┌──
(* Assume $\mathbb P(T(X)>1-\alpha)>0$, that the law of $X$ is non-atomic, that for every $C\in\mathcal I$ the random variable $p_C(X)$ has a continuous, non-atomic distribution, and that for every distinct $C_1,C_2\in\mathcal I$ any nontrivial linear combination of $p_{C_1}(X)$ and $p_{C_2}(X)$ has a non-atomic distribution. Then: (1) $\mu^*=\min\{\mu\ge 0: G(D^\mu,C^\mu)\le 0\}$ exists and is finite; (2) $(D^{\mu^*},C^{\mu^*})$ is an optimal solution of the problem of maximizing $\Pi(D,C)$ over all $D:\mathcal X\to\{0,1\}$, $C:\mathcal X\to\mathcal I$ subject to $G(D,C)\le 0$.
   Context: Let $(X,Y)\sim P_{XY}$ on $\mathcal X\times\mathcal Y$, $\alpha\in(0,1)$. $\mathcal I$ is a finite collection of subsets of $\mathcal Y$ enumerated in a fixed lexicographic order, and $w:\mathcal I\to(0,B)$ is a bounded positive weight. For $x\in\mathcal X$, $C\in\mathcal I$ write $p_C(x)=\mathbb P(Y\in C\mid X=x)$, and for $\mu\ge0$ let $\ell_{x,C}(\mu)=w(C)p_C(x)+\mu(p_C(x)-(1-\alpha))$ and $\mathcal U_x(\mu)=\max_{C\in\mathcal I}\ell_{x,C}(\mu)$. $C^\mu(x)$ is a maximizer of $\ell_{x,C}(\mu)$ over $C\in\mathcal I$, ties broken in favor of the largest $w(C)$ and then the smallest index in the ordering; $D^\mu(x)=\mathbb 1\{\mathcal U_x(\mu)\ge 0\}$. $T(x)=\max_{C\in\mathcal I}p_C(x)$. For $D:\mathcal X\to\{0,1\}$, $C:\mathcal X\to\mathcal I$: $\Pi(D,C)=\mathbb E[w(C(X))p_{C(X)}(X)D(X)]$ and $G(D,C)=\mathbb E[(1-p_{C(X)}(X)-\alpha)D(X)]$. *)

theory Defs
  imports "HOL-Probability.Probability"
begin

text \<open>Conditional probability p_C(x) = P(Y in C | X = x), given by a Markov kernel K
  (regular conditional law of Y given X = x).\<close>
definition pC :: "('x \<Rightarrow> 'y measure) \<Rightarrow> 'y set \<Rightarrow> 'x \<Rightarrow> real" where
  "pC K C x = measure (K x) C"

definition ell :: "('x \<Rightarrow> 'y measure) \<Rightarrow> ('y set \<Rightarrow> real) \<Rightarrow> real \<Rightarrow> 'x \<Rightarrow> 'y set \<Rightarrow> real \<Rightarrow> real" where
  "ell K w \<alpha> x C \<mu> = w C * pC K C x + \<mu> * (pC K C x - (1 - \<alpha>))"

definition Ux :: "('x \<Rightarrow> 'y measure) \<Rightarrow> 'y set list \<Rightarrow> ('y set \<Rightarrow> real) \<Rightarrow> real \<Rightarrow> real \<Rightarrow> 'x \<Rightarrow> real" where
  "Ux K Is w \<alpha> \<mu> x = Max ((\<lambda>C. ell K w \<alpha> x C \<mu>) ` set Is)"

definition maxidx :: "('x \<Rightarrow> 'y measure) \<Rightarrow> 'y set list \<Rightarrow> ('y set \<Rightarrow> real) \<Rightarrow> real \<Rightarrow> real \<Rightarrow> 'x \<Rightarrow> nat set" where
  "maxidx K Is w \<alpha> \<mu> x = {i. i < length Is \<and> ell K w \<alpha> x (Is ! i) \<mu> = Ux K Is w \<alpha> \<mu> x}"

definition Cmu :: "('x \<Rightarrow> 'y measure) \<Rightarrow> 'y set list \<Rightarrow> ('y set \<Rightarrow> real) \<Rightarrow> real \<Rightarrow> real \<Rightarrow> 'x \<Rightarrow> 'y set" where
  "Cmu K Is w \<alpha> \<mu> x =
     (let S = maxidx K Is w \<alpha> \<mu> x;
          wm = Max ((\<lambda>i. w (Is ! i)) ` S)
      in Is ! Min {i \<in> S. w (Is ! i) = wm})"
└──
PROBLEM TO WORK ON: Please say how many lines in the records above contain the word "lambda". Give the number alone.

ANSWER BOX: 2